## EXERCISE INPUT:

(* Let $f\in\mathcal{R}$ with $f(z)=z+\sum_{n=2}^\infty a_nz^n$ and local inverse $f^{-1}(w)=w+\sum_{n\ge2}A_nw^n$, so $A_2=-a_2$, $A_3=-a_3+2a_2^2$. Then $|A_2|\le1$ and $|A_3|\le\frac43$, and both bounds are attained by some $f\in\mathcal{R}$.
   Context: $\mathbb{D}$ is the open unit disk; $\mathcal{A}$ is the class of holomorphic $f$ on $\mathbb{D}$ with $f(0)=0$, $f'(0)=1$; $\mathcal{R}=\{f\in\mathcal{A}:\operatorname{Re} f'(z)>0\ \forall z\in\mathbb{D}\}$. *)

theory Defs
  imports "HOL-Complex_Analysis.Complex_Analysis"
begin

definition classA :: "(complex \<Rightarrow> complex) set" where
  "classA = {f. f holomorphic_on ball 0 1 \<and> f 0 = 0 \<and> deriv f 0 = 1}"

definition classR :: "(complex \<Rightarrow> complex) set" where
  "classR = {f \<in> classA. \<forall>z \<in> ball 0 1. Re (deriv f z) > 0}"

definition taylor_coeff :: "(complex \<Rightarrow> complex) \<Rightarrow> nat \<Rightarrow> complex" where
  "taylor_coeff f n = (deriv ^^ n) f 0 / of_nat (fact n)"

definition inv_coeff2 :: "(complex \<Rightarrow> complex) \<Rightarrow> complex" where
  "inv_coeff2 f = - taylor_coeff f 2"

definition inv_coeff3 :: "(complex \<Rightarrow> complex) \<Rightarrow> complex" where
  "inv_coeff3 f = - taylor_coeff f 3 + 2 * (taylor_coeff f 2)^2"

end

theory Submission
  imports Defs
begin

(* The derivative p = f' has positive real part and p(0) = 1, so its Cayley transform
   w = (p - 1)/(p + 1) maps the disc into itself and fixes 0. Writing w(z) = z g(z), Schwarz's
   lemma gives |g| <= 1, and the Schwarz-Pick inequality |g'(0)| <= 1 - |g(0)|^2 becomes
   Caratheodory's bound |c2 - c1^2/2| <= 2 - |c1|^2/2 for p(z) = 1 + c1 z + c2 z^2 + ...
   Since a2 = c1/2 and a3 = c2/3, we have A2 = -c1/2 and A3 = -(c2 - c1^2/2)/3 + c1^2/3, whence
   |A2| <= 1 and |A3| <= 2/3 + |c1|^2/6 <= 4/3. Both bounds are attained by
   f(z) = -z - 2 log(1 - z), for which f'(z) = (1 + z)/(1 - z), i.e. w(z) = z. *)

lemma deriv_eq_if_eq_on_open:
  fixes f g :: "'a::real_normed_field \<Rightarrow> 'a"
  assumes "(g has_field_derivative D) (at x)" and "open S" and "x \<in> S"
    and "\<And>z. z \<in> S \<Longrightarrow> f z = g z"
  shows "deriv f x = D"
  using assms by (metis DERIV_imp_deriv has_field_derivative_transform_within_open)

lemma Schwarz_Pick_deriv_0:
  assumes holg: "g holomorphic_on ball 0 1" and g1: "\<And>z. norm z < 1 \<Longrightarrow> norm (g z) < 1"
  shows "norm (deriv g 0) \<le> 1 - (norm (g 0))^2"
proof -
  define a where "a = g 0"
  have a1: "norm a < 1"
    using g1[of 0] by (simp add: a_def)
  define h where "h = Moebius_function 0 a \<circ> g"
  have holh: "h holomorphic_on ball 0 1"
    unfolding h_def using g1
    by (intro holomorphic_on_compose_gen[OF holg Moebius_function_holomorphic[OF a1]]) auto
  have h0: "h 0 = 0"
    by (simp add: h_def a_def Moebius_function_eq_zero)
  have h1: "norm (h z) < 1" if "norm z < 1" for z
    using Moebius_function_norm_lt_1[OF a1 g1[OF that]] by (simp add: h_def)
  have h'0: "norm (deriv h 0) \<le> 1"
    using Schwarz_Lemma(2)[OF holh h0 h1, of 0] by simp
  have aa: "1 - cnj a * a = of_real (1 - (norm a)^2)"
    by (metis complex_norm_square mult.commute of_real_1 of_real_diff)
  have "(norm a)^2 < 1"
    using a1 by (simp add: abs_square_less_1)
  then have aa0: "1 - cnj a * a \<noteq> 0"
    unfolding aa of_real_eq_0_iff by simp
  have gd: "(g has_field_derivative deriv g 0) (at 0)"
    using holg by (intro holomorphic_derivI[of _ "ball 0 1"]) auto
  have "deriv h 0 = deriv g 0 / (1 - cnj a * a)"
  proof (rule DERIV_imp_deriv)
    show "(h has_field_derivative deriv g 0 / (1 - cnj a * a)) (at 0)"
      unfolding h_def o_def Moebius_function_simple using aa0
      by (auto intro!: derivative_eq_intros gd simp: a_def[symmetric] power2_eq_square)
  qed
  moreover have "norm (1 - cnj a * a) = 1 - (norm a)^2"
    using \<open>(norm a)^2 < 1\<close> unfolding aa norm_of_real by simp
  ultimately have "norm (deriv h 0) = norm (deriv g 0) / (1 - (norm a)^2)"
    by (simp add: norm_divide)
  with h'0 \<open>(norm a)^2 < 1\<close> show ?thesis
    by (simp add: a_def divide_le_eq)
qed

lemma Schwarz_Pick_deriv_0_closed_disc:
  assumes holg: "g holomorphic_on ball 0 1" and g1: "\<And>z. norm z < 1 \<Longrightarrow> norm (g z) \<le> 1"
  shows "norm (deriv g 0) \<le> 1 - (norm (g 0))^2"
proof -
  have scaled: "r * norm (deriv g 0) + r^2 * (norm (g 0))^2 \<le> 1" if r: "0 < r" "r < 1" for r
  proof -
    have "norm (of_real r * g z) < 1" if "norm z < 1" for z
    proof -
      have "norm (of_real r * g z) = r * norm (g z)"
        using r by (simp add: norm_mult)
      also have "\<dots> \<le> r"
        using r g1[OF that] by (simp add: mult_left_le)
      finally show ?thesis
        using r by simp
    qed
    then have "norm (deriv (\<lambda>z. of_real r * g z) 0) \<le> 1 - (norm (of_real r * g 0))^2"
      using holg by (intro Schwarz_Pick_deriv_0) (auto intro: holomorphic_intros)
    moreover have "deriv (\<lambda>z. of_real r * g z) 0 = of_real r * deriv g 0"
      using holg by (intro deriv_cmult holomorphic_on_imp_differentiable_at[of _ "ball 0 1"]) auto
    ultimately show ?thesis
      using r by (simp add: norm_mult power_mult_distrib)
  qed
  have "eventually (\<lambda>r. r * norm (deriv g 0) + r^2 * (norm (g 0))^2 \<le> 1) (at_left (1::real))"
    using eventually_at_left_real[OF zero_less_one] by (rule eventually_mono) (simp add: scaled)
  moreover have "((\<lambda>r. r * norm (deriv g 0) + r^2 * (norm (g 0))^2)
      \<longlongrightarrow> 1 * norm (deriv g 0) + 1^2 * (norm (g 0))^2) (at_left (1::real))"
    by (intro tendsto_intros)
  ultimately have "1 * norm (deriv g 0) + 1^2 * (norm (g 0))^2 \<le> 1"
    using tendsto_le[OF trivial_limit_at_left_real tendsto_const] by blast
  then show ?thesis
    by simp
qed

lemma Schwarz_second_deriv_0_bound:
  assumes holw: "w holomorphic_on ball 0 1" and w0: "w 0 = 0"
    and w1: "\<And>z. norm z < 1 \<Longrightarrow> norm (w z) < 1"
  shows "norm (deriv (deriv w) 0) / 2 \<le> 1 - (norm (deriv w 0))^2"
proof -
  obtain g where holg: "g holomorphic_on ball 0 1" and wg: "\<And>z. norm z < 1 \<Longrightarrow> w z = z * g z"
    and w'0: "deriv w 0 = g 0"
    using Schwarz3[OF holw w0] by blast
  have g1: "norm (g z) \<le> 1" if "norm z < 1" for z
  proof (cases "z = 0")
    case True
    then show ?thesis
      using Schwarz_Lemma(2)[OF holw w0 w1 that] w'0 by simp
  next
    case False
    then show ?thesis
      using Schwarz_Lemma(1)[OF holw w0 w1 that] wg[OF that] by (simp add: norm_mult)
  qed
  have gd: "(g has_field_derivative deriv g z) (at z)" if "norm z < 1" for z
    using holg that by (intro holomorphic_derivI[of _ "ball 0 1"]) auto
  have "(deriv g has_field_derivative deriv (deriv g) 0) (at 0)"
    using holg by (intro holomorphic_derivI[of _ "ball 0 1"] holomorphic_deriv) auto
  then have w''0: "((\<lambda>z. g z + z * deriv g z) has_field_derivative 2 * deriv g 0) (at 0)"
    by (auto intro!: derivative_eq_intros gd)
  have w': "deriv w z = g z + z * deriv g z" if "z \<in> ball 0 1" for z
    by (rule deriv_eq_if_eq_on_open[where g = "\<lambda>z. z * g z" and S = "ball 0 1"])
       (use that wg in \<open>auto intro!: derivative_eq_intros gd\<close>)
  have "deriv (deriv w) 0 = 2 * deriv g 0"
    by (rule deriv_eq_if_eq_on_open[where S = "ball 0 1", OF w''0 _ _ w']) auto
  then show ?thesis
    using Schwarz_Pick_deriv_0_closed_disc[OF holg g1] w'0 by (simp add: norm_mult)
qed

lemma norm_Cayley_less_1:
  fixes u :: complex
  assumes "Re u > 0"
  shows "norm ((u - 1) / (u + 1)) < 1"
proof -
  have "(norm (u - 1))^2 < (norm (u + 1))^2"
    using assms unfolding cmod_power2 by (simp add: power2_eq_square algebra_simps)
  then have "norm (u - 1) < norm (u + 1)"
    by (simp add: power_less_imp_less_base)
  then show ?thesis
    by (simp add: norm_divide divide_less_eq)
qed

lemma Caratheodory_second_coeff_bound:
  assumes holp: "p holomorphic_on ball 0 1" and p0: "p 0 = 1"
    and re: "\<And>z. norm z < 1 \<Longrightarrow> Re (p z) > 0"
  shows "norm (deriv (deriv p) 0 / 2 - (deriv p 0)^2 / 2) \<le> 2 - (norm (deriv p 0))^2 / 2"
proof -
  have pne: "p z + 1 \<noteq> 0" if "norm z < 1" for z
  proof -
    have "Re (p z + 1) > 0"
      using re[OF that] by simp
    then show ?thesis
      by fastforce
  qed
  define w where "w = (\<lambda>z. (p z - 1) / (p z + 1))"
  have holw: "w holomorphic_on ball 0 1"
    unfolding w_def using pne by (intro holomorphic_intros holp) auto
  have w0: "w 0 = 0"
    by (simp add: w_def p0)
  have w1: "norm (w z) < 1" if "norm z < 1" for z
    unfolding w_def using norm_Cayley_less_1[OF re[OF that]] .
  have pd: "(p has_field_derivative deriv p z) (at z)" if "norm z < 1" for z
    using holp that by (intro holomorphic_derivI[of _ "ball 0 1"]) auto
  have "(deriv p has_field_derivative deriv (deriv p) 0) (at 0)"
    using holp by (intro holomorphic_derivI[of _ "ball 0 1"] holomorphic_deriv) auto
  then have w''0: "((\<lambda>z. 2 * deriv p z / (p z + 1)^2) has_field_derivative
      deriv (deriv p) 0 / 2 - (deriv p 0)^2 / 2) (at 0)"
    by (auto intro!: derivative_eq_intros pd simp: p0 field_simps power2_eq_square)
  have w': "deriv w z = 2 * deriv p z / (p z + 1)^2" if "z \<in> ball 0 1" for z
  proof (rule DERIV_imp_deriv)
    show "(w has_field_derivative 2 * deriv p z / (p z + 1)^2) (at z)"
      unfolding w_def using pne that
      by (auto intro!: derivative_eq_intros pd simp: field_simps power2_eq_square)
  qed
  have w''_eq: "deriv (deriv w) 0 = deriv (deriv p) 0 / 2 - (deriv p 0)^2 / 2"
    by (rule deriv_eq_if_eq_on_open[where S = "ball 0 1", OF w''0 _ _ w']) auto
  have w'_eq: "deriv w 0 = deriv p 0 / 2"
    using w'[of 0] by (simp add: p0)
  have "norm (deriv (deriv w) 0) / 2 \<le> 1 - (norm (deriv w 0))^2"
    by (rule Schwarz_second_deriv_0_bound[OF holw w0 w1])
  then show ?thesis
    unfolding w''_eq w'_eq by (simp add: norm_divide power_divide)
qed

lemma classR_inv_coeff_bounds:
  assumes "f \<in> classR"
  shows "cmod (inv_coeff2 f) \<le> 1" and "cmod (inv_coeff3 f) \<le> 4/3"
proof -
  have holf: "f holomorphic_on ball 0 1" and f'0: "deriv f 0 = 1"
    and re: "\<And>z. norm z < 1 \<Longrightarrow> Re (deriv f z) > 0"
    using assms by (auto simp: classR_def classA_def)
  define c1 where "c1 = deriv (deriv f) 0"
  define c2 where "c2 = deriv (deriv (deriv f)) 0 / 2"
  have "deriv f holomorphic_on ball 0 1"
    using holf by (intro holomorphic_deriv) auto
  from Caratheodory_second_coeff_bound[OF this f'0 re]
  have car: "norm (c2 - c1^2 / 2) \<le> 2 - (norm c1)^2 / 2"
    by (simp add: c1_def c2_def)
  then have "(norm c1)^2 \<le> 4"
    using norm_ge_zero[of "c2 - c1^2 / 2"] by linarith
  then have c1: "norm c1 \<le> 2"
    using power2_le_imp_le[of "norm c1" 2] by simp
  have a2: "taylor_coeff f 2 = c1 / 2" and a3: "taylor_coeff f 3 = c2 / 3"
    by (simp_all add: taylor_coeff_def c1_def c2_def numeral_eq_Suc)
  show "cmod (inv_coeff2 f) \<le> 1"
    using c1 by (simp add: inv_coeff2_def a2 norm_divide)
  have "inv_coeff3 f = - (c2 - c1^2 / 2) / 3 + c1^2 / 3"
    by (simp add: inv_coeff3_def a2 a3 field_simps power2_eq_square)
  then have "cmod (inv_coeff3 f) \<le> norm (c2 - c1^2 / 2) / 3 + (norm c1)^2 / 3"
    using norm_triangle_ineq[of "- (c2 - c1^2 / 2) / 3" "c1^2 / 3"]
    by (simp add: norm_divide norm_power norm_minus_commute)
  also have "\<dots> \<le> 2/3 + (norm c1)^2 / 6"
    using car by simp
  also have "\<dots> \<le> 4/3"
    using power_mono[OF c1 norm_ge_zero, of 2] by simp
  finally show "cmod (inv_coeff3 f) \<le> 4/3" .
qed

definition classR_extremal :: "complex \<Rightarrow> complex" where
  "classR_extremal z = - z - 2 * Ln (1 - z)"

lemma has_field_derivative_classR_extremal:
  assumes "norm z < 1"
  shows "(classR_extremal has_field_derivative (1 + z) / (1 - z)) (at z)"
proof -
  have "Re (1 - z) > 0"
    using assms complex_Re_le_cmod[of z] by simp
  then have "1 - z \<notin> \<real>\<^sub>\<le>\<^sub>0" and "1 - z \<noteq> 0"
    by (auto simp: complex_nonpos_Reals_iff)
  then show ?thesis
    unfolding classR_extremal_def[abs_def]
    by (auto intro!: derivative_eq_intros simp: field_simps)
qed

lemma classR_extremal_in_classR: "classR_extremal \<in> classR"
proof -
  have "classR_extremal holomorphic_on ball 0 1"
    unfolding holomorphic_on_def field_differentiable_def
    by (metis has_field_derivative_classR_extremal has_field_derivative_at_within mem_ball_0)
  moreover have "Re (deriv classR_extremal z) > 0" if "norm z < 1" for z
  proof -
    have "(Re z)^2 + (Im z)^2 < 1"
      using that by (simp add: cmod_def)
    moreover have "z \<noteq> 1"
      using that by auto
    then have "(Re (1 - z))^2 + (Im (1 - z))^2 > 0"
      by (metis right_minus_eq sum_power2_gt_zero_iff complex_eq_iff zero_complex.sel)
    ultimately show ?thesis
      using DERIV_imp_deriv[OF has_field_derivative_classR_extremal[OF that]]
      by (simp add: Re_divide power2_eq_square algebra_simps)
  qed
  moreover have "deriv classR_extremal 0 = 1"
    using DERIV_imp_deriv[OF has_field_derivative_classR_extremal[of 0]] by simp
  ultimately show ?thesis
    by (simp add: classR_def classA_def classR_extremal_def)
qed

lemma inv_coeffs_classR_extremal:
  shows "inv_coeff2 classR_extremal = -1" and "inv_coeff3 classR_extremal = 4/3"
proof -
  have d1: "deriv classR_extremal z = (1 + z) / (1 - z)" if "z \<in> ball 0 1" for z
    using that by (intro DERIV_imp_deriv has_field_derivative_classR_extremal) simp
  have d2: "deriv (deriv classR_extremal) z = 2 / (1 - z)^2" if "z \<in> ball 0 1" for z
  proof (rule deriv_eq_if_eq_on_open[where S = "ball 0 1", OF _ _ that d1])
    show "((\<lambda>z. (1 + z) / (1 - z)) has_field_derivative 2 / (1 - z)^2) (at z)"
      using that by (auto intro!: derivative_eq_intros simp: field_simps power2_eq_square)
  qed simp
  have d3: "deriv (deriv (deriv classR_extremal)) 0 = 4"
  proof (rule deriv_eq_if_eq_on_open[where S = "ball 0 1", OF _ _ _ d2])
    show "((\<lambda>z. 2 / (1 - z)^2) has_field_derivative 4) (at 0)"
      by (auto intro!: derivative_eq_intros)
  qed simp_all
  have "taylor_coeff classR_extremal 2 = 1" and "taylor_coeff classR_extremal 3 = 2/3"
    using d2[of 0] d3 by (simp_all add: taylor_coeff_def numeral_eq_Suc)
  then show "inv_coeff2 classR_extremal = -1" and "inv_coeff3 classR_extremal = 4/3"
    by (simp_all add: inv_coeff2_def inv_coeff3_def)
qed

theorem mainTheorem4:
  shows "(\<forall>f \<in> classR. cmod (inv_coeff2 f) \<le> 1 \<and> cmod (inv_coeff3 f) \<le> 4/3)
       \<and> (\<exists>f \<in> classR. cmod (inv_coeff2 f) = 1)
       \<and> (\<exists>f \<in> classR. cmod (inv_coeff3 f) = 4/3)"
proof (intro conjI)
  show "\<forall>f \<in> classR. cmod (inv_coeff2 f) \<le> 1 \<and> cmod (inv_coeff3 f) \<le> 4/3"
    using classR_inv_coeff_bounds by blast
  show "\<exists>f \<in> classR. cmod (inv_coeff2 f) = 1"
    by (rule bexI[OF _ classR_extremal_in_classR]) (simp add: inv_coeffs_classR_extremal)
  show "\<exists>f \<in> classR. cmod (inv_coeff3 f) = 4/3"
    by (rule bexI[OF _ classR_extremal_in_classR]) (simp add: inv_coeffs_classR_extremal norm_divide)
qed

end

## TASK PROMPT:
Search the listing above for the string "metis" and copy each line that has it.

## TASK SOLUTION:
  using assms by (metis DERIV_imp_deriv has_field_derivative_transform_within_open)
    by (metis complex_norm_square mult.commute of_real_1 of_real_diff)
    by (metis has_field_derivative_classR_extremal has_field_derivative_at_within mem_ball_0)
      by (metis right_minus_eq sum_power2_gt_zero_iff complex_eq_iff zero_complex.sel)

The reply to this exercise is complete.